Okay, well...I hate to be Johnny Raincloud but this is a total fake.
I am ALWAYS extremely suspicious/skeptical of these email spam things. I used to* have my email inbox inundated with them from well-meaning friends and relatives who know I am of a conservative political bent and sincerely believe that I will enjoy reading this stuff. And that's true...I would...IF they were true. But, I have yet to come across one...ONE...that is. They are always fake and this one is no exception.

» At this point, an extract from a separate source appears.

(* Let $M$ be an ACI-matrix over a field $\mathbb{F}$ and let $F_1,F_2$ be two overlapping (i.e. $F_1\cap F_2\neq\emptyset$) factor sets (resp. semifactor sets) of $M$. Then $F_1\cap F_2$ and $F_1\cup F_2$ are factor sets (resp. semifactor sets) of $M$.
   Context: Let $\mathbb{F}$ be a field. An ACI-matrix is a matrix with entries in $\mathbb{F}[x_1,\dots,x_k]$ whose entries are polynomials of degree at most one and such that no indeterminate appears in two different columns. A completion is an assignment of values in $\mathbb{F}$ to all indeterminates; $\mathrm{maxRank}(N)$ is the maximum rank of a completion. ACI-matrices (and blocks) of size $0\times q$ ($q>0$, wide degenerate), $p\times 0$ ($p>0$, tall degenerate) and $0\times0$ (void) are allowed. $N$ is FRmR if $\mathrm{maxRank}(N)=\mathrm{rows}(N)$, FCmR if $\mathrm{maxRank}(N)=\mathrm{cols}(N)$; by convention tall degenerate is FRmR, wide degenerate is FCmR, void is both. For an $m\times n$ block matrix $\begin{bmatrix} A & B\\ 0 & C\end{bmatrix}$ with lower-left $r\times s$ zero block, the zero block is Big if $r+s>\max\{m,n\}$, Medium if $r+s=\max\{m,n\}$. For $F=\{f_1<\dots<f_s\}\subseteq\{1,\dots,n\}$ with complement $\{g_1<\dots<g_{n-s}\}$, $Q_F$ is the $n\times n$ permutation matrix such that $MQ_F$ has as columns $f_1,\dots,f_s,g_1,\dots,g_{n-s}$ of $M$ in that order. For an $m\times n$ ACI-matrix $M$, $F$ is a factor set of $M$ if there is a nonsingular constant $m\times m$ matrix $R$ with $RMQ_F=\begin{bmatrix} A & B\\ 0 & C\end{bmatrix}$, where $A$ has $\#F$ columns, the zero block is Big, $A$ is FRmR and $C$ is FCmR; $F$ is a semifactor set if the same holds with the zero block Medium. *)

theory Defs
  imports "Jordan_Normal_Form.DL_Rank"
begin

When I read the first post in this thread the very next thing I did was to search the name of the email author. It took about five seconds. Here is
the link to the professor's page. If you read down his page a few paragraphs you will find this:
DISCLAIMER: There are a series of emails floating around the internet dealing with the 2008 Obama/McCain election and the 2000 Bush/Gore election, remarks of a Scottish philosopher named Alexander Tyler, suicide rates, or ANYTHING ELSE. I did not author any part of either email. I've been trying to kill this fallacy for 10 years. I didn't have any part of it in 2000, and I still have no part of the email in regards to the 2008 election.

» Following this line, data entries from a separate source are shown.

text \<open>The fast oscillation of the coefficient only enters through sums of \<open>stress \<cdot> inv_psi_defect\<close>;
  summation by parts trades them for the bounded partial sums of \<open>inv_psi_defect\<close> and the
  \<open>O(\<epsilon>)\<close> increments of the stress.\<close>
lemma abs_stress_defect_sum_le:
  assumes "1 \<le> j" "j \<le> int N + 1"
  shows "\<bar>eps N * (\<Sum>i\<in>{1..<j}. stress i * inv_psi_defect i)\<bar> \<le> 2 * eps N * f_L1 * defect_bound"
proof -
  define m where "m = j - 1"
  have m: "0 \<le> m" "m \<le> int N" "j = m + 1" using assms by (auto simp: m_def)
  let ?D = "\<lambda>x. \<Sum>l\<in>{1..<x+1}. inv_psi_defect l"
  have D: "\<bar>?D x\<bar> \<le> defect_bound" if "0 \<le> x" "x \<le> int N" for x
    using abs_inv_psi_defect_partial_sum_le that by blast
  have Db: "0 \<le> defect_bound" using D[of 0] by simp
  have "\<bar>\<Sum>i\<in>{1..<m+1}. stress i * inv_psi_defect i\<bar>
      \<le> \<bar>stress m * ?D m\<bar> + \<bar>\<Sum>i\<in>{1..<m}. (stress (i+1) - stress i) * ?D i\<bar>"
    unfolding sum_int_by_parts[OF m(1)] by (rule abs_triangle_ineq4)
  also have "\<bar>stress m * ?D m\<bar> \<le> f_L1 * defect_bound"
    unfolding abs_mult using abs_stress_le[of m] D[OF m(1,2)] f_L1_nonneg by (intro mult_mono) auto
  also have "\<bar>\<Sum>i\<in>{1..<m}. (stress (i+1) - stress i) * ?D i\<bar> \<le> (\<Sum>i\<in>{1..<m}. eps N * \<bar>f (i+1)\<bar> * defect_bound)"
  proof (rule order_trans[OF sum_abs sum_mono])
    fix i assume "i \<in> {1..<m}"
    then have "\<bar>?D i\<bar> \<le> defect_bound" using m by (intro D) auto
    then show "\<bar>(stress (i+1) - stress i) * ?D i\<bar> \<le> eps N * \<bar>f (i+1)\<bar> * defect_bound"
      using eps_pos by (simp add: stress_step abs_mult mult_left_mono)
  qed
  also have "\<dots> = eps N * (\<Sum>i\<in>{1..<m}. \<bar>f (i+1)\<bar>) * defect_bound"
    by (simp add: sum_distrib_left sum_distrib_right mult.assoc)
  also have "(\<Sum>i\<in>{1..<m}. \<bar>f (i+1)\<bar>) = (\<Sum>i\<in>{2..<m+1}. \<bar>f i\<bar>)"
    using sum_int_ivl_shift[of "\<lambda>i. \<bar>f i\<bar>" 1 m] by simp
  also have "eps N * (\<Sum>i\<in>{2..<m+1}. \<bar>f i\<bar>) * defect_bound \<le> f_L1 * defect_bound"
    unfolding f_L1_def using m eps_pos Db by (intro mult_right_mono mult_left_mono sum_mono2) auto
  finally have "\<bar>\<Sum>i\<in>{1..<m+1}. stress i * inv_psi_defect i\<bar> \<le> 2 * f_L1 * defect_bound" by simp
  then show ?thesis using eps_pos m(3) by (simp add: abs_mult mult_left_mono)
qed

end

section \<open>Error of the homogenized Galerkin solution\<close>

definition error_const_H :: "real \<Rightarrow> real \<Rightarrow> real \<Rightarrow> real" where
  "error_const_H c C C' = 2 * ((((C\<^sup>2 * C' / c\<^sup>2)\<^sup>2 / c^3 + C' / c\<^sup>2) * (1 + C / c) + C\<^sup>2 * C' / c\<^sup>2 / c\<^sup>2)) + 2 / c"

definition error_const_eps :: "nat \<Rightarrow> real \<Rightarrow> real \<Rightarrow> real \<Rightarrow> real" where
  "error_const_eps p c C C' = 4 * (2 * real p * C' / c\<^sup>2 + real p / c) * (1 + C / c)"

locale homogenized_error = atomistic_solution + mesh_partition +
  fixes utH :: "int \<Rightarrow> real"
  assumes utH_mean0: "UH_mean0 N K idx utH"
    and utH_weak: "\<And>v. UH_mean0 N K idx v \<Longrightarrow>
        ipX N (\<lambda>i. psi0 p psi i * Dd N utH i) (Dd N v) = ipX N f v"
begin

definition slope :: "nat \<Rightarrow> real" where
  "slope k = Dd N utH (idx k)"

definition residual :: "int \<Rightarrow> real" where
  "residual i = psi0 p psi i * Dd N utH i - stress i"

definition resid_mean :: real where
  "resid_mean = elem_mean 1 residual"

definition psi0_mean :: "nat \<Rightarrow> real" where
  "psi0_mean k = elem_mean k (psi0 p psi)"

definition stress_mean :: "nat \<Rightarrow> real" where
  "stress_mean k = elem_mean k stress"

definition f_L1_elem :: "nat \<Rightarrow> real" where
  "f_L1_elem k = eps N * (\<Sum>i\<in>elem k. \<bar>f i\<bar>)"

lemma Dd_utH_on_elem:
  assumes "k \<in> {1..K}" "i \<in> elem k"
  shows "Dd N utH i = slope k"
  unfolding slope_def using utH_mean0 by (intro UH_Dd_const_on_elem assms) (simp add: UH_mean0_def)

lemma residual_orthogonal:
  assumes "UH_mean0 N K idx v"
  shows "(\<Sum>i\<in>{1..<int N+1}. residual i * (v (i+1) - v i)) = 0"
proof -
  have "UN_per N v" using assms by (simp add: UH_mean0_def UH_per_def)
  then have "ipX N (\<lambda>i. psi0 p psi i * Dd N utH i) (Dd N v) = ipX N stress (Dd N v)"
    using utH_weak[OF assms] stress_weak by simp
  then show ?thesis unfolding ipX_Dd residual_def left_diff_distrib sum_subtractf by simp
qed

lemma elem_mean_residual: "k \<in> {1..K} \<Longrightarrow> elem_mean k residual = resid_mean"
  unfolding resid_mean_def by (rule elem_mean_eq_of_orthogonal[OF residual_orthogonal])

lemma psi0_mean_bounds: "k \<in> {1..K} \<Longrightarrow> c \<le> psi0_mean k \<and> psi0_mean k \<le> C"
  using elem_mean_bounds[of k c "psi0 p psi" C] psi0_bounds by (simp add: psi0_mean_def)

lemma psi0_mean_pos: "k \<in> {1..K} \<Longrightarrow> 0 < psi0_mean k"
  using psi0_mean_bounds[of k] c_pos by linarith

lemma slope_eq:
  assumes k: "k \<in> {1..K}"
  shows "slope k = (stress_mean k + resid_mean) / psi0_mean k"
proof -
  have "elem_mean k residual = elem_mean k (\<lambda>i. slope k * psi0 p psi i - stress i)"
    unfolding elem_mean_def residual_def using Dd_utH_on_elem[OF k]
    by (intro arg_cong2[where f = "(/)"] sum.cong) (auto simp: mult.commute)
  also have "\<dots> = slope k * psi0_mean k - stress_mean k"
    by (simp add: elem_mean_def psi0_mean_def stress_mean_def sum_subtractf sum_distrib_left
        diff_divide_distrib)
  finally show ?thesis
    using elem_mean_residual[OF k] psi0_mean_pos[OF k] by (simp add: field_simps)
qed

lemma psi0_mean_near:
  assumes k: "k \<in> {1..K}" and i: "i \<in> elem k"
  shows "\<bar>psi0_mean k - psi0 p psi i\<bar> \<le> C\<^sup>2 * C' / c\<^sup>2 * Hk N idx k"
  unfolding psi0_mean_def
proof (rule elem_mean_near[OF k])
  fix l assume "l \<in> elem k"
  then have "eps N * \<bar>real_of_int (l - i)\<bar> \<le> Hk N idx k"
    using i by (intro eps_dist_le_Hk) auto
  moreover have "0 \<le> C\<^sup>2 * C' / c\<^sup>2" using C'_nonneg by simp
  ultimately have "C\<^sup>2 * C' / c\<^sup>2 * (eps N * \<bar>real_of_int (l - i)\<bar>) \<le> C\<^sup>2 * C' / c\<^sup>2 * Hk N idx k"
    by (rule mult_left_mono)
  then show "\<bar>psi0 p psi l - psi0 p psi i\<bar> \<le> C\<^sup>2 * C' / c\<^sup>2 * Hk N idx k"
    using psi0_lipschitz[of l i] by (simp add: mult.assoc)
qed

lemma abs_stress_diff_elem_le:
  assumes "i \<in> elem k" "l \<in> elem k"
  shows "\<bar>stress l - stress i\<bar> \<le> f_L1_elem k"
proof -
  have ord: "\<bar>stress y - stress x\<bar> \<le> f_L1_elem k" if "idx k \<le> x" "x \<le> y" "y < idx (Suc k)" for x y
  proof -
    have "\<bar>stress y - stress x\<bar> \<le> eps N * (\<Sum>i\<in>{x+1..<y+1}. \<bar>f i\<bar>)"
      using abs_stress_diff_le that by simp
    also have "\<dots> \<le> f_L1_elem k"
      unfolding f_L1_elem_def using that eps_pos by (intro mult_left_mono sum_mono2) auto
    finally show ?thesis .
  qed
  show ?thesis
  proof (cases "i \<le> l")
    case True then show ?thesis using ord[of i l] assms by simp
  next
    case False then show ?thesis using ord[of l i] assms by (simp add: abs_minus_commute)
  qed
qed

lemma stress_mean_near:
  "k \<in> {1..K} \<Longrightarrow> i \<in> elem k \<Longrightarrow> \<bar>stress_mean k - stress i\<bar> \<le> f_L1_elem k"
  unfolding stress_mean_def by (rule elem_mean_near) (auto intro: abs_stress_diff_elem_le)

lemma abs_stress_mean_le: "k \<in> {1..K} \<Longrightarrow> \<bar>stress_mean k\<bar> \<le> f_L1"
  using elem_mean_near[of k stress 0 f_L1] abs_stress_le by (simp add: stress_mean_def)

lemma f_L1_elem_nonneg: "0 \<le> f_L1_elem k"
  using eps_pos by (simp add: f_L1_elem_def sum_nonneg)

lemma sum_f_L1_elem: "(\<Sum>k\<in>{1..K}. f_L1_elem k) = f_L1"
  unfolding f_L1_elem_def f_L1_def by (simp add: sum_distrib_left[symmetric] sum_over_elements)

lemma f_L1_elem_sq_le:
  assumes k: "k \<in> {1..K}"
  shows "(f_L1_elem k)\<^sup>2 \<le> Hk N idx k * (eps N * (\<Sum>i\<in>elem k. (f i)\<^sup>2))"
proof -
  have "(f_L1_elem k)\<^sup>2 = (eps N)\<^sup>2 * (\<Sum>i\<in>elem k. \<bar>f i\<bar>)\<^sup>2" by (simp add: f_L1_elem_def power_mult_distrib)
  also have "\<dots> \<le> (eps N)\<^sup>2 * (real (card (elem k)) * (\<Sum>i\<in>elem k. (f i)\<^sup>2))"
    by (intro mult_left_mono sum_abs_squared_le_card_mult) auto
  also have "\<dots> = Hk N idx k * (eps N * (\<Sum>i\<in>elem k. (f i)\<^sup>2))"
    unfolding card_elem[OF k] by (simp add: Hk_eq power2_eq_square)
  finally show ?thesis .
qed

lemma abs_eps_sum_elem_le:
  assumes k: "k \<in> {1..K}" and m: "idx k \<le> m" "m \<le> idx (Suc k)"
    and bound: "\<And>i. i \<in> elem k \<Longrightarrow> \<bar>g i\<bar> \<le> B"
  shows "\<bar>eps N * (\<Sum>i\<in>{idx k..<m}. g i)\<bar> \<le> Hk N idx k * B"
proof -
  have B: "0 \<le> B" using bound[of "idx k"] idx_less[OF k] by force
  have "\<bar>\<Sum>i\<in>{idx k..<m}. g i\<bar> \<le> (\<Sum>i\<in>{idx k..<m}. B)"
    using m by (intro order_trans[OF sum_abs sum_mono] bound) auto
  then have "\<bar>eps N * (\<Sum>i\<in>{idx k..<m}. g i)\<bar> \<le> (eps N * real_of_int (m - idx k)) * B"
    using m eps_pos by (simp add: abs_mult mult_left_mono)
  also have "\<dots> \<le> Hk N idx k * B"
    using eps_dist_le_Hk[of k m "idx k"] m idx_less[OF k] B by (intro mult_right_mono) auto
  finally show ?thesis .
qed

definition err :: "int \<Rightarrow> real" where
  "err i = utH i - u i"

definition avg_err :: "nat \<Rightarrow> int \<Rightarrow> real" where
  "avg_err k i = stress_mean k * (1 / psi0_mean k - inv_psi0 i)"

definition fluct_err :: "nat \<Rightarrow> int \<Rightarrow> real" where
  "fluct_err k i = (stress_mean k - stress i) * inv_psi0 i"

definition osc_sum :: "int \<Rightarrow> real" where
  "osc_sum j = eps N * (\<Sum>i\<in>{1..<j}. stress i * inv_psi_defect i)"

definition elem_err :: "nat \<Rightarrow> real" where
  "elem_err k = eps N * (\<Sum>i\<in>elem k. avg_err k i) + eps N * (\<Sum>i\<in>elem k. fluct_err k i)"

lemma err_increment:
  assumes k: "k \<in> {1..K}" and i: "i \<in> elem k"
  shows "err (i+1) - err i = eps N * (avg_err k i + fluct_err k i + stress i * inv_psi_defect i
           + resid_mean / psi0_mean k)"
proof -
  have "err (i+1) - err i = eps N * (Dd N utH i - Dd N u i)"
    using eps_pos by (simp add: err_def Dd_def field_simps)
  also have "Dd N utH i - Dd N u i = slope k - stress i * inv_psi_eps i"
    using Dd_utH_on_elem[OF k i] Dd_u_eq by simp
  also have "\<dots> = avg_err k i + fluct_err k i + stress i * inv_psi_defect i + resid_mean / psi0_mean k"
    unfolding slope_eq[OF k] avg_err_def fluct_err_def inv_psi_defect_def
    using psi0_mean_pos[OF k] by (simp add: field_simps)
  finally show ?thesis .
qed

lemma err_partial_elem:
  assumes k: "k \<in> {1..K}" and m: "idx k \<le> m" "m \<le> idx (Suc k)"
  shows "err m - err (idx k) = eps N * (\<Sum>i\<in>{idx k..<m}. avg_err k i)
      + eps N * (\<Sum>i\<in>{idx k..<m}. fluct_err k i) + (osc_sum m - osc_sum (idx k))
      + resid_mean * (eps N * real_of_int (m - idx k)) / psi0_mean k"
proof -
  have "err m - err (idx k) = (\<Sum>i\<in>{idx k..<m}. err (i+1) - err i)"
    using sum_int_telescope[OF m(1), of err] by simp
  also have "\<dots> = (\<Sum>i\<in>{idx k..<m}. eps N * (avg_err k i + fluct_err k i
      + stress i * inv_psi_defect i + resid_mean / psi0_mean k))"
    using m by (intro sum.cong) (auto intro: err_increment[OF k])
  also have "\<dots> = eps N * (\<Sum>i\<in>{idx k..<m}. avg_err k i) + eps N * (\<Sum>i\<in>{idx k..<m}. fluct_err k i)
      + eps N * (\<Sum>i\<in>{idx k..<m}. stress i * inv_psi_defect i)
      + eps N * (\<Sum>i\<in>{idx k..<m}. resid_mean / psi0_mean k)"
    by (simp only: sum.distrib sum_distrib_left[symmetric] distrib_left)
  also have "eps N * (\<Sum>i\<in>{idx k..<m}. stress i * inv_psi_defect i) = osc_sum m - osc_sum (idx k)"
    using sum_int_ivl_split[of 1 "idx k" m "\<lambda>i. stress i * inv_psi_defect i"] idx_range[of k] k m
    by (simp add: osc_sum_def algebra_simps)
  also have "eps N * (\<Sum>i\<in>{idx k..<m}. resid_mean / psi0_mean k)
      = resid_mean * (eps N * real_of_int (m - idx k)) / psi0_mean k"
    using m by simp
  finally show ?thesis .
qed

lemma err_at_node:
  assumes "1 \<le> k" "k \<le> K+1"
  shows "err (idx k) - err 1
    = (\<Sum>k'\<in>{1..<k}. elem_err k' + resid_mean * Hk N idx k' / psi0_mean k') + osc_sum (idx k)"
  using assms
proof (induction k rule: dec_induct)
  case base then show ?case by (simp add: idx_first[unfolded One_nat_def] osc_sum_def)
next
  case (step k)
  then have k: "k \<in> {1..K}" by auto
  have "err (idx (Suc k)) - err (idx k)
      = elem_err k + (osc_sum (idx (Suc k)) - osc_sum (idx k)) + resid_mean * Hk N idx k / psi0_mean k"
    using err_partial_elem[OF k _ order.refl] idx_less[OF k] by (simp add: elem_err_def Hk_def)
  then show ?case using step by simp
qed

lemma abs_avg_err_partial_le:
  assumes k: "k \<in> {1..K}" and m: "idx k \<le> m" "m \<le> idx (Suc k)"
  shows "\<bar>eps N * (\<Sum>i\<in>{idx k..<m}. avg_err k i)\<bar> \<le> Hk N idx k * (f_L1 * (C\<^sup>2 * C' / c\<^sup>2 * Hk N idx k / c\<^sup>2))"
proof (rule abs_eps_sum_elem_le[OF k m])
  fix i assume i: "i \<in> elem k"
  have "\<bar>1 / psi0_mean k - inv_psi0 i\<bar> \<le> \<bar>psi0_mean k - psi0 p psi i\<bar> / c\<^sup>2"
    unfolding inv_psi0_eq using psi0_mean_bounds[OF k] psi0_bounds c_pos by (intro abs_inverse_diff_le) auto
  also have "\<dots> \<le> C\<^sup>2 * C' / c\<^sup>2 * Hk N idx k / c\<^sup>2"
    using psi0_mean_near[OF k i] by (intro divide_right_mono) auto
  finally show "\<bar>avg_err k i\<bar> \<le> f_L1 * (C\<^sup>2 * C' / c\<^sup>2 * Hk N idx k / c\<^sup>2)"
    unfolding avg_err_def abs_mult using abs_stress_mean_le[OF k] by (intro mult_mono) auto
qed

And yeah, it is in bold face print on his page just so that it is very easy to notice.
I don't care for the leftist politics of the snopes.com** website owner/operators but they do perform a valuable service by investigating and debunking these (and other) absolute pure bullsh*t frauds. In this case
snopes says that there is zero proof of who the original email author is. They do go through some of the statistics listed in the email and some of them are correct (or mostly correct) and some of them are false. For instance, there is no Alexander "Tyler" who ever authored anything about the Athenian Republic.
So...there it is. This email, while it sounds good, is too good to be true.

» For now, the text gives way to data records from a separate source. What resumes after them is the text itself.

section \<open>The elimination process\<close>

lemma doubletons_of_card_le_2:
  assumes "finite N" "card N \<le> 2"
  obtains "{{x,y} |x y. x \<in> N \<and> y \<in> N \<and> x \<noteq> y} = {}"
  | x y where "x \<noteq> y" "N = {x,y}" "{{x,y} |x y. x \<in> N \<and> y \<in> N \<and> x \<noteq> y} = {{x,y}}"
proof (cases "{{x,y} |x y. x \<in> N \<and> y \<in> N \<and> x \<noteq> y} = {}")
  case False
  then obtain x y where xy: "x \<in> N" "y \<in> N" "x \<noteq> y"
    by blast
  then have "N = {x,y}"
    using assms by (intro card_seteq[symmetric]) auto
  then show ?thesis
    using that(2)[of x y] xy(3) by (auto simp: doubleton_eq_iff)
qed (use that in blast)

context
  fixes M :: "real mat" and i :: nat
  assumes sddm0: "sddm0 M" and i: "i < dim_row M"
begin

lemma card_nz_edges_at: "card {e \<in> nz_edges M. i \<in> e} = row_nz M i"
proof -
  have "{e \<in> nz_edges M. i \<in> e} = (\<lambda>k. {i,k}) ` {k. nz_adj M i k}"
    using sddm0_sym[OF sddm0]
    by (auto simp: nz_edges_def nz_adj_def image_iff insert_commute)
  moreover have "inj_on (\<lambda>k. {i,k}) {k. nz_adj M i k}"
    by (auto simp: inj_on_def nz_adj_def doubleton_eq_iff)
  moreover have "{k. nz_adj M i k} = {k. k < dim_row M \<and> k \<noteq> i \<and> M $$ (i,k) \<noteq> 0}"
    using i by (auto simp: nz_adj_def)
  ultimately show ?thesis
    by (simp add: card_image row_nz_def)
qed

*I say, "used to" because I would always respond back to whoever sent it to me (and I would usually copy anyone else in a group email) and explain, politely and methodically, why the email was bogus, why they should be skeptical of such things and why it is sort of ridiculous to send something around to everyone you know without first verifying that it is authentic. After a while I mostly stopped getting these things. Either these people wised up or they got tired of having me notify everyone in the group email that they had been suckered.
This is a form of chain letter...one of the earliest forms of spam (or virus) that predates the computer age, in a way. It is authored by assholes and I wouldn't hesitate to severely beat to a pulp anyone I knew to be responsible for its creation.
Yeah, I know...I'm sort of an asshole, myself, for being so hard on this crap but that's a character flaw that I will just have to live with, I suppose.
**One of the most recent techniques for the email chain letter spammer is to put a line at the bottom or the top that claims it is "snopes verified true" which is ALWAYS a sign that it is completely false. These clods count on no one bothering to verify it themselves and almost no one does. So on and on it goes until a jerk like me breaks the chain.